WHAT TO DO. Please copy out each line of the entries in which "bool" appears.

Segment Start: SUPPLIED DATA

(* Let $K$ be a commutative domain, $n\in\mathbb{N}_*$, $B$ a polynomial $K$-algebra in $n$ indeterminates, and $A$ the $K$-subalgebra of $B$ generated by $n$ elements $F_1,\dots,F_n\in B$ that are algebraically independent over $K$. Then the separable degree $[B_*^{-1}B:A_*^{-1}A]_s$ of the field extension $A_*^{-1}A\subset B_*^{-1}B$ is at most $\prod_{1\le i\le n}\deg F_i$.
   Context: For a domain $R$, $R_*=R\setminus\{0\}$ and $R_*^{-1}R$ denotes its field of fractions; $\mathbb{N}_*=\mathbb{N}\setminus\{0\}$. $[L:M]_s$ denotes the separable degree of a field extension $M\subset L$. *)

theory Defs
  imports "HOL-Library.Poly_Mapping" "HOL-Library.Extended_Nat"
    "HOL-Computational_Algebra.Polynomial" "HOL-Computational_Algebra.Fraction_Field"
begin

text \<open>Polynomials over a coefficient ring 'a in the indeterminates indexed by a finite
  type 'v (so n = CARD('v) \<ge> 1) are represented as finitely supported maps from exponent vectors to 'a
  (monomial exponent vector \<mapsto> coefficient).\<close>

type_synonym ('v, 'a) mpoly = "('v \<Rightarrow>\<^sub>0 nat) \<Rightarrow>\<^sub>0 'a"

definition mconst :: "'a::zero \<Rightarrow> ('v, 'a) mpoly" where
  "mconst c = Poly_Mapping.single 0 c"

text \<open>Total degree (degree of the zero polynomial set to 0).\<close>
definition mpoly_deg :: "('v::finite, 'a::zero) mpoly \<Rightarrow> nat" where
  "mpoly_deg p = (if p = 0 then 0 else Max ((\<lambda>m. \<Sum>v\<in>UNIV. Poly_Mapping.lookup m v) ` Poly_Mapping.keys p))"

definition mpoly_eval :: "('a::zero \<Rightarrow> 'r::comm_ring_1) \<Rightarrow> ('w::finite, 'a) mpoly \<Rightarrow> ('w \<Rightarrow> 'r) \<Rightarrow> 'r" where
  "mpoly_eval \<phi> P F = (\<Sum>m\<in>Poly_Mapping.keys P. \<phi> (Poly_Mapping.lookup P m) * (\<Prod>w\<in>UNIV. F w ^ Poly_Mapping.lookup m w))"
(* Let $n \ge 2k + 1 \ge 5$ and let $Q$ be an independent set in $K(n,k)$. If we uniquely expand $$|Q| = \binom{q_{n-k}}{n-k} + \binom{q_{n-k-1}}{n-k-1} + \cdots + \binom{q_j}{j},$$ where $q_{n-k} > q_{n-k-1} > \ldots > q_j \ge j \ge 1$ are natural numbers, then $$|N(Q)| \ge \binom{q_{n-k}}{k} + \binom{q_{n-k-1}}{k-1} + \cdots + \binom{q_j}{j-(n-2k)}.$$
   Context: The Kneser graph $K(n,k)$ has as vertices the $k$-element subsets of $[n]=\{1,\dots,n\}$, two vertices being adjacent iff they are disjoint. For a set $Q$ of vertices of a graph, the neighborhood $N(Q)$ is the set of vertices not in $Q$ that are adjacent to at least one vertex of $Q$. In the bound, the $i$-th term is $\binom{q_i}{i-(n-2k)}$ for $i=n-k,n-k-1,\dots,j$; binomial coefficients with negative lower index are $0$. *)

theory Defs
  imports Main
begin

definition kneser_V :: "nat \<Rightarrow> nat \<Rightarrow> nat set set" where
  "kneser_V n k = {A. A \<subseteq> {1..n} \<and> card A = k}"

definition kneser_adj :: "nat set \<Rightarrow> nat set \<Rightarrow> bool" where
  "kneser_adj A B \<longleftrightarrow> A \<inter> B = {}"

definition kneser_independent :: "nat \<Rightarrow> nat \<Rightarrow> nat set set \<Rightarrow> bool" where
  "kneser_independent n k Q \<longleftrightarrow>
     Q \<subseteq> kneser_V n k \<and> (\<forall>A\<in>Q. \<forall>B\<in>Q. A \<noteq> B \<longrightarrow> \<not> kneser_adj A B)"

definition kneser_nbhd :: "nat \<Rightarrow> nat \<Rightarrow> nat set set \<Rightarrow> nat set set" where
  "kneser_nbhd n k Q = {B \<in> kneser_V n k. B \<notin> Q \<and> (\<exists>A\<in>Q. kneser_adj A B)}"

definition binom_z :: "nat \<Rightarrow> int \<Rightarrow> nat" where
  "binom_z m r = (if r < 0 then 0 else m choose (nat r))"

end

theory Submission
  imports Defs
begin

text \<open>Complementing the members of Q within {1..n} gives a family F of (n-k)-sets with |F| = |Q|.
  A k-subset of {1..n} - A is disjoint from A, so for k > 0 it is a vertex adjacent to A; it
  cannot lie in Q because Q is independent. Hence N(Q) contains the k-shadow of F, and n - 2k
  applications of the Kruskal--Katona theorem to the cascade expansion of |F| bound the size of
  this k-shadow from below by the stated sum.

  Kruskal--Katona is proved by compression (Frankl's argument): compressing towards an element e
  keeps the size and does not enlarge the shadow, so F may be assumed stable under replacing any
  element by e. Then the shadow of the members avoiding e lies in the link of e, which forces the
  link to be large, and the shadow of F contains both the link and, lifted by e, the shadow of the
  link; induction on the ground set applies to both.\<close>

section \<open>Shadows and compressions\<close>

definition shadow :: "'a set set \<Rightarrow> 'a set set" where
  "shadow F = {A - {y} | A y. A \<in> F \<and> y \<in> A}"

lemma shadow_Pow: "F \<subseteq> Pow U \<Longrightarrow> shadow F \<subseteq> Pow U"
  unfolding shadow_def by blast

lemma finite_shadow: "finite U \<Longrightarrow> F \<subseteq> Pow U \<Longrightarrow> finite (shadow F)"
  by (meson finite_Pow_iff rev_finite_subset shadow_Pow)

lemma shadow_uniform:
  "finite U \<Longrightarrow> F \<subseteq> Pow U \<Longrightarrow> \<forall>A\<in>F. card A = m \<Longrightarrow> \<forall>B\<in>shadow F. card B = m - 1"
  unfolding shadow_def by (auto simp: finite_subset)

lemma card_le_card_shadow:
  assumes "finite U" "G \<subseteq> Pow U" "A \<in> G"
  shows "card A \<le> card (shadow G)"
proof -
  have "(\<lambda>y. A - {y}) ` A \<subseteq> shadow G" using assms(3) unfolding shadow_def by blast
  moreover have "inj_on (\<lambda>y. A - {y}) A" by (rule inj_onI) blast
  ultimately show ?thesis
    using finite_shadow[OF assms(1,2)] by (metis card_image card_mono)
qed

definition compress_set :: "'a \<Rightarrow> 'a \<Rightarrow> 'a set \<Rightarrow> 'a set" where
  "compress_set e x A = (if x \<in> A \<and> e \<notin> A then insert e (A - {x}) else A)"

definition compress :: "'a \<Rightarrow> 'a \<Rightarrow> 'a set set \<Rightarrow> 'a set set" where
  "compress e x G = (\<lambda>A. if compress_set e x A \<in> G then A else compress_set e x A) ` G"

Segment End: SUPPLIED DATA

ANSWER.
definition kneser_adj :: "nat set \<Rightarrow> nat set \<Rightarrow> bool" where
definition kneser_independent :: "nat \<Rightarrow> nat \<Rightarrow> nat set set \<Rightarrow> bool" where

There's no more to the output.